As the Second District observed in Davis v. State, 761 So.2d 1154, 1157-58 (Fla. 2d DCA 2000):

The failure of circumstantial evidence to prove actual possession was recently demonstrated by this court in Isaac v. State, 730 So.2d 757 (Fla. 2d DCA 1999). There the defendant and another man were standing no more than a foot apart as they were observed by police officers. The two were passing an object between them that proved to be a bag of crack cocaine. One of the men dropped the baggie to the ground and the two began walking away. The police did not see which man dropped the baggie, but both men were searched, and neither the defendant nor the other man had either money or contraband on his person. This court observed:
To be sure, the circumstances suggested that one or both men possessed cocaine. At the same time, however, those circumstances did not exclude the reasonable hypotheses that the men found the baggie at that spot and were simply examining it when the policemen happened by, or that the other fellow brought the cocaine there and was showing it to Isaac. Therefore, we reverse Isaac’s conviction and direct the circuit court to discharge him.

See also Agee v. State, 522 So.2d 1044 (Fla. 2d DCA 1988).

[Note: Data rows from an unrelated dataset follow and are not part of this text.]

lemma lower_block_triangular_pad_eigenvector:
  fixes C :: "'a :: comm_semiring_1 mat"
  assumes C: "C \<in> carrier_mat n n" and k: "k \<le> n"
    and block: "\<And>l m. l < k \<Longrightarrow> k \<le> m \<Longrightarrow> m < n \<Longrightarrow> C $$ (l,m) = 0"
    and y: "y \<in> carrier_vec (n-k)"
    and eig: "mat (n-k) (n-k) (\<lambda>(i,j). C $$ (k+i, k+j)) *\<^sub>v y = \<mu> \<cdot>\<^sub>v y"
  defines "z \<equiv> vec n (\<lambda>i. if i < k then 0 else y $ (i-k))"
  shows "C *\<^sub>v z = \<mu> \<cdot>\<^sub>v z"
proof (rule eq_vecI)
  fix l assume "l < dim_vec (\<mu> \<cdot>\<^sub>v z)"
  then have l: "l < n"
    unfolding z_def by simp
  have "(C *\<^sub>v z) $ l = (\<Sum>m<n. C $$ (l,m) * z $ m)"
    using l C by (simp add: z_def scalar_prod_def lessThan_atLeast0)
  also have "\<dots> = (\<Sum>j<n-k. C $$ (l,k+j) * z $ (k+j))"
    using k by (intro sum_lessThan_shift_vanishing) (auto simp: z_def)
  also have "\<dots> = (\<Sum>j<n-k. C $$ (l,k+j) * y $ j)"
    by (intro sum.cong) (auto simp: z_def)
  also have "\<dots> = \<mu> * z $ l"
  proof (cases "l < k")
    case True
    then show ?thesis
      using block by (simp add: z_def l)
  next
    case False
    then have "(mat (n-k) (n-k) (\<lambda>(i,j). C $$ (k+i, k+j)) *\<^sub>v y) $ (l-k) = (\<Sum>j<n-k. C $$ (l,k+j) * y $ j)"
      using l y by (simp add: scalar_prod_def lessThan_atLeast0)
    then show ?thesis
      using eig False l y by (simp add: z_def)
  qed
  finally show "(C *\<^sub>v z) $ l = (\<mu> \<cdot>\<^sub>v z) $ l"
    using l by (simp add: z_def)
qed (use C in \<open>simp add: z_def\<close>)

As Judge Griffin observed in Ball v. State, 758 So.2d 1239, 1241 (Fla. 5th DCA 2000):

Where constructive possession is nonexclusive, knowledge of the presence of the contraband and the ability to control it cannot be inferred, but must be established by “independent proof.” Chicone v. State, 684 So.2d 736 (Fla.1996); Brown v. State, 428 So.2d 250 (Fla.), cert. denied, 463 U.S. 1209, 103 S.Ct. 3541, 77 L.Ed.2d 1391 (1983); T.W. v. *619State, 666 So.2d 1001 (Fla. 5th DCA 1996); E.A.M. v. State, 684 So.2d 283, 284 (Fla. 2d DCA 1996). It is frequently said that “[s]uch proof may consist either of evidence establishing that the accused had actual knowledge of the presence of the contraband, or of evidence of incriminating statements and circumstances, other than the mere location of the substance, from which a jury might lawfully infer knowledge by the accused of the presence of the contraband on the premises.” Murphy v. State, 511 So.2d 397, 399 (Fla. 4th DCA 1987). (Footnote omitted.)

Following the analysis in Ball, Davis and Isaac, several reasonable hypotheses of innocence, including the hypothesis that O.L.M. found the bag at that spot and was simply examining it when the police spotted him, mandate our reversal of the order under review.